## Source data

text \<open>Algebras are given by a carrier set A and operations (total functions, relativised
  to A).  The lattice order is a \<le> b iff a \<and> b = a.\<close>

definition lattice_on :: "'a set \<Rightarrow> ('a \<Rightarrow> 'a \<Rightarrow> 'a) \<Rightarrow> ('a \<Rightarrow> 'a \<Rightarrow> 'a) \<Rightarrow> bool" where
  "lattice_on A meet join \<longleftrightarrow>
     (\<forall>a\<in>A. \<forall>b\<in>A. meet a b \<in> A \<and> join a b \<in> A) \<and>
     (\<forall>a\<in>A. \<forall>b\<in>A. \<forall>c\<in>A. meet (meet a b) c = meet a (meet b c) \<and> join (join a b) c = join a (join b c)) \<and>
     (\<forall>a\<in>A. \<forall>b\<in>A. meet a b = meet b a \<and> join a b = join b a) \<and>
     (\<forall>a\<in>A. meet a a = a \<and> join a a = a) \<and>
     (\<forall>a\<in>A. \<forall>b\<in>A. meet a (join a b) = a \<and> join a (meet a b) = a)"

definition leq :: "('a \<Rightarrow> 'a \<Rightarrow> 'a) \<Rightarrow> 'a \<Rightarrow> 'a \<Rightarrow> bool" where
  "leq meet a b \<longleftrightarrow> meet a b = a"

definition monoid_on :: "'a set \<Rightarrow> ('a \<Rightarrow> 'a \<Rightarrow> 'a) \<Rightarrow> 'a \<Rightarrow> bool" where
  "monoid_on A mult one \<longleftrightarrow> one \<in> A \<and>
     (\<forall>a\<in>A. \<forall>b\<in>A. mult a b \<in> A) \<and>
     (\<forall>a\<in>A. \<forall>b\<in>A. \<forall>c\<in>A. mult (mult a b) c = mult a (mult b c)) \<and>
     (\<forall>a\<in>A. mult one a = a \<and> mult a one = a)"

text \<open>FL-algebra \<langle>A,\<and>,\<or>,\<cdot>,1,\<setminus>,/,0\<rangle>; ldiv a c = a\<setminus>c, rdiv c b = c/b.\<close>
definition fl_algebra :: "'a set \<Rightarrow> ('a \<Rightarrow> 'a \<Rightarrow> 'a) \<Rightarrow> ('a \<Rightarrow> 'a \<Rightarrow> 'a) \<Rightarrow> ('a \<Rightarrow> 'a \<Rightarrow> 'a) \<Rightarrow> 'a
    \<Rightarrow> ('a \<Rightarrow> 'a \<Rightarrow> 'a) \<Rightarrow> ('a \<Rightarrow> 'a \<Rightarrow> 'a) \<Rightarrow> 'a \<Rightarrow> bool" where
  "fl_algebra A meet join mult one ldiv rdiv zero \<longleftrightarrow>
     lattice_on A meet join \<and> monoid_on A mult one \<and> zero \<in> A \<and>
     (\<forall>a\<in>A. \<forall>b\<in>A. ldiv a b \<in> A \<and> rdiv a b \<in> A) \<and>
     (\<forall>a\<in>A. \<forall>b\<in>A. \<forall>c\<in>A.
        (leq meet (mult a b) c \<longleftrightarrow> leq meet a (rdiv c b)) \<and>
        (leq meet a (rdiv c b) \<longleftrightarrow> leq meet b (ldiv a c)))"

definition infl_algebra :: "'a set \<Rightarrow> ('a \<Rightarrow> 'a \<Rightarrow> 'a) \<Rightarrow> ('a \<Rightarrow> 'a \<Rightarrow> 'a) \<Rightarrow> ('a \<Rightarrow> 'a \<Rightarrow> 'a) \<Rightarrow> 'a
    \<Rightarrow> ('a \<Rightarrow> 'a \<Rightarrow> 'a) \<Rightarrow> ('a \<Rightarrow> 'a \<Rightarrow> 'a) \<Rightarrow> 'a \<Rightarrow> bool" where
  "infl_algebra A meet join mult one ldiv rdiv zero \<longleftrightarrow>
     fl_algebra A meet join mult one ldiv rdiv zero \<and>
     (\<forall>a\<in>A. ldiv (rdiv zero a) zero = a \<and> rdiv zero (ldiv a zero) = a)"

definition qplus :: "('a \<Rightarrow> 'a \<Rightarrow> 'a) \<Rightarrow> ('a \<Rightarrow> 'a) \<Rightarrow> ('a \<Rightarrow> 'a) \<Rightarrow> 'a \<Rightarrow> 'a \<Rightarrow> 'a" where
  "qplus mult lneg rneg a b = lneg (mult (rneg b) (rneg a))"

text \<open>Quasi relation algebra in the signature \<langle>A,\<and>,\<or>,\<cdot>,1,0,\<sim>,\<dash>,'\<rangle>: the reduct is an InFL-algebra,
  i.e. there are residuals \<setminus>, / making it one with \<sim>a = a\<setminus>0 and \<dash>a = 0/a (the residuals are
  uniquely determined by the lattice order and \<cdot>), plus the axioms for '.\<close>
definition qra :: "'a set \<Rightarrow> ('a \<Rightarrow> 'a \<Rightarrow> 'a) \<Rightarrow> ('a \<Rightarrow> 'a \<Rightarrow> 'a) \<Rightarrow> ('a \<Rightarrow> 'a \<Rightarrow> 'a) \<Rightarrow> 'a \<Rightarrow> 'a
    \<Rightarrow> ('a \<Rightarrow> 'a) \<Rightarrow> ('a \<Rightarrow> 'a) \<Rightarrow> ('a \<Rightarrow> 'a) \<Rightarrow> bool" where
  "qra A meet join mult one zero lneg rneg pr \<longleftrightarrow>
     (\<exists>ldiv rdiv. infl_algebra A meet join mult one ldiv rdiv zero \<and>
        (\<forall>a\<in>A. lneg a = ldiv a zero \<and> rneg a = rdiv zero a)) \<and>
     (\<forall>a\<in>A. pr a \<in> A) \<and>
     (\<forall>a\<in>A. pr (pr a) = a) \<and>
     (\<forall>a\<in>A. \<forall>b\<in>A. pr (join a b) = meet (pr a) (pr b)) \<and>
     (\<forall>a\<in>A. pr (lneg a) = rneg (pr a)) \<and>
     (\<forall>a\<in>A. \<forall>b\<in>A. pr (mult a b) = qplus mult lneg rneg (pr a) (pr b))"

definition cyclic_qra :: "'a set \<Rightarrow> ('a \<Rightarrow> 'a \<Rightarrow> 'a) \<Rightarrow> ('a \<Rightarrow> 'a \<Rightarrow> 'a) \<Rightarrow> ('a \<Rightarrow> 'a \<Rightarrow> 'a) \<Rightarrow> 'a \<Rightarrow> 'a
    \<Rightarrow> ('a \<Rightarrow> 'a) \<Rightarrow> ('a \<Rightarrow> 'a) \<Rightarrow> ('a \<Rightarrow> 'a) \<Rightarrow> bool" where
  "cyclic_qra A meet join mult one zero lneg rneg pr \<longleftrightarrow>
     qra A meet join mult one zero lneg rneg pr \<and> (\<forall>a\<in>A. lneg a = rneg a)"

definition subuniverse :: "'a set \<Rightarrow> 'a set \<Rightarrow> ('a \<Rightarrow> 'a \<Rightarrow> 'a) \<Rightarrow> ('a \<Rightarrow> 'a \<Rightarrow> 'a) \<Rightarrow> ('a \<Rightarrow> 'a \<Rightarrow> 'a)
    \<Rightarrow> 'a \<Rightarrow> 'a \<Rightarrow> ('a \<Rightarrow> 'a) \<Rightarrow> ('a \<Rightarrow> 'a) \<Rightarrow> ('a \<Rightarrow> 'a) \<Rightarrow> bool" where
  "subuniverse C A meet join mult one zero lneg rneg pr \<longleftrightarrow>
     C \<subseteq> A \<and> one \<in> C \<and> zero \<in> C \<and>
     (\<forall>a\<in>C. \<forall>b\<in>C. meet a b \<in> C \<and> join a b \<in> C \<and> mult a b \<in> C) \<and>
     (\<forall>a\<in>C. lneg a \<in> C \<and> rneg a \<in> C \<and> pr a \<in> C)"

end

theory Submission
  imports Defs
begin

text \<open>The key observation is that \<open>a\<close> is cyclic (\<open>\<sim>a = -a\<close>) iff \<open>a z \<le> 0 \<longleftrightarrow> z a \<le> 0\<close>
  for all \<open>z\<close>, and this "commutes with 0" property passes to products by associativity.
  Closure under \<open>\<and>, \<or>, \<sim>, -\<close> and the constants follows from the De Morgan laws and
  \<open>\<sim>1 = -1 = 0\<close>; closure under \<open>'\<close> from \<open>(-a)' = \<sim>(a')\<close>.  Finally every subuniverse of a
  quasi relation algebra is again one, because the residuals are term-definable:
  \<open>a\<setminus>b = \<sim>(-b \<cdot> a)\<close> and \<open>c/b = -(b \<cdot> \<sim>c)\<close>.\<close>

lemma lattice_on_subset:
  assumes "lattice_on A meet join" "C \<subseteq> A"
    and "\<And>a b. a \<in> C \<Longrightarrow> b \<in> C \<Longrightarrow> meet a b \<in> C \<and> join a b \<in> C"
  shows "lattice_on C meet join"
  using assms(3) assms(1)[unfolded lattice_on_def] subsetD[OF assms(2)]
  unfolding lattice_on_def by (intro conjI ballI; metis)

lemma monoid_on_subset:
  assumes "monoid_on A mult one" "C \<subseteq> A" "one \<in> C"
    and "\<And>a b. a \<in> C \<Longrightarrow> b \<in> C \<Longrightarrow> mult a b \<in> C"
  shows "monoid_on C mult one"
  using assms(3,4) assms(1)[unfolded monoid_on_def] subsetD[OF assms(2)]
  unfolding monoid_on_def by (intro conjI ballI; metis)

lemma infl_algebra_subset:
  assumes infl: "infl_algebra A meet join mult one ldiv rdiv zero" and "C \<subseteq> A" "one \<in> C" "zero \<in> C"
    and closed: "\<And>a b. a \<in> C \<Longrightarrow> b \<in> C \<Longrightarrow> meet a b \<in> C \<and> join a b \<in> C \<and> mult a b \<in> C"
    and residuals_closed: "\<And>a b. a \<in> C \<Longrightarrow> b \<in> C \<Longrightarrow> ldiv a b \<in> C \<and> rdiv a b \<in> C"
  shows "infl_algebra C meet join mult one ldiv rdiv zero"
proof -
  have "lattice_on C meet join" "monoid_on C mult one"
    using infl closed \<open>C \<subseteq> A\<close> \<open>one \<in> C\<close> lattice_on_subset monoid_on_subset
    unfolding infl_algebra_def fl_algebra_def by metis+
  with infl residuals_closed \<open>zero \<in> C\<close> subsetD[OF \<open>C \<subseteq> A\<close>] show ?thesis
    unfolding infl_algebra_def fl_algebra_def by (intro conjI ballI; metis)
qed

locale infl_negations =
  fixes A :: "'a set" and meet join mult :: "'a \<Rightarrow> 'a \<Rightarrow> 'a" and one zero :: 'a
    and ldiv rdiv :: "'a \<Rightarrow> 'a \<Rightarrow> 'a" and lneg rneg :: "'a \<Rightarrow> 'a"
  assumes infl: "infl_algebra A meet join mult one ldiv rdiv zero"
    and lneg_eq: "a \<in> A \<Longrightarrow> lneg a = ldiv a zero"
    and rneg_eq: "a \<in> A \<Longrightarrow> rneg a = rdiv zero a"
begin

lemma fl: "fl_algebra A meet join mult one ldiv rdiv zero"
  using infl unfolding infl_algebra_def by blast

lemma lattice: "lattice_on A meet join"
  using fl unfolding fl_algebra_def by blast

lemma monoid: "monoid_on A mult one"
  using fl unfolding fl_algebra_def by blast

lemma meet_closed [simp]: "a \<in> A \<Longrightarrow> b \<in> A \<Longrightarrow> meet a b \<in> A"
  and join_closed [simp]: "a \<in> A \<Longrightarrow> b \<in> A \<Longrightarrow> join a b \<in> A"
  and meet_assoc: "a \<in> A \<Longrightarrow> b \<in> A \<Longrightarrow> c \<in> A \<Longrightarrow> meet (meet a b) c = meet a (meet b c)"
  and join_assoc: "a \<in> A \<Longrightarrow> b \<in> A \<Longrightarrow> c \<in> A \<Longrightarrow> join (join a b) c = join a (join b c)"
  and meet_comm: "a \<in> A \<Longrightarrow> b \<in> A \<Longrightarrow> meet a b = meet b a"
  and join_comm: "a \<in> A \<Longrightarrow> b \<in> A \<Longrightarrow> join a b = join b a"
  and meet_idem: "a \<in> A \<Longrightarrow> meet a a = a"
  and meet_absorb: "a \<in> A \<Longrightarrow> b \<in> A \<Longrightarrow> meet a (join a b) = a"
  and join_absorb: "a \<in> A \<Longrightarrow> b \<in> A \<Longrightarrow> join a (meet a b) = a"
  using lattice unfolding lattice_on_def by blast+

lemma one_closed [simp]: "one \<in> A"
  and mult_closed [simp]: "a \<in> A \<Longrightarrow> b \<in> A \<Longrightarrow> mult a b \<in> A"
  and mult_assoc: "a \<in> A \<Longrightarrow> b \<in> A \<Longrightarrow> c \<in> A \<Longrightarrow> mult (mult a b) c = mult a (mult b c)"
  and mult_one_left [simp]: "a \<in> A \<Longrightarrow> mult one a = a"
  and mult_one_right [simp]: "a \<in> A \<Longrightarrow> mult a one = a"
  using monoid unfolding monoid_on_def by blast+

lemma zero_closed [simp]: "zero \<in> A"
  and ldiv_closed [simp]: "a \<in> A \<Longrightarrow> b \<in> A \<Longrightarrow> ldiv a b \<in> A"
  and rdiv_closed [simp]: "a \<in> A \<Longrightarrow> b \<in> A \<Longrightarrow> rdiv a b \<in> A"
  and residuation_right: "a \<in> A \<Longrightarrow> b \<in> A \<Longrightarrow> c \<in> A \<Longrightarrow>
        leq meet (mult a b) c \<longleftrightarrow> leq meet a (rdiv c b)"
  and residuation_left: "a \<in> A \<Longrightarrow> b \<in> A \<Longrightarrow> c \<in> A \<Longrightarrow>
        leq meet (mult a b) c \<longleftrightarrow> leq meet b (ldiv a c)"
  using fl unfolding fl_algebra_def by blast+

lemma lneg_closed [simp]: "a \<in> A \<Longrightarrow> lneg a \<in> A"
  and rneg_closed [simp]: "a \<in> A \<Longrightarrow> rneg a \<in> A"
  by (simp_all add: lneg_eq rneg_eq)

lemma lneg_rneg [simp]: "a \<in> A \<Longrightarrow> lneg (rneg a) = a"
  and rneg_lneg [simp]: "a \<in> A \<Longrightarrow> rneg (lneg a) = a"
  using infl by (simp_all add: infl_algebra_def lneg_eq rneg_eq)

lemma leq_antisym: "a \<in> A \<Longrightarrow> b \<in> A \<Longrightarrow> leq meet a b \<Longrightarrow> leq meet b a \<Longrightarrow> a = b"
  unfolding leq_def by (metis meet_comm)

## Task prompt
Every line above that includes the string "setminus" needs to be copied.

## Task solution
text \<open>FL-algebra \<langle>A,\<and>,\<or>,\<cdot>,1,\<setminus>,/,0\<rangle>; ldiv a c = a\<setminus>c, rdiv c b = c/b.\<close>
  i.e. there are residuals \<setminus>, / making it one with \<sim>a = a\<setminus>0 and \<dash>a = 0/a (the residuals are
  \<open>a\<setminus>b = \<sim>(-b \<cdot> a)\<close> and \<open>c/b = -(b \<cdot> \<sim>c)\<close>.\<close>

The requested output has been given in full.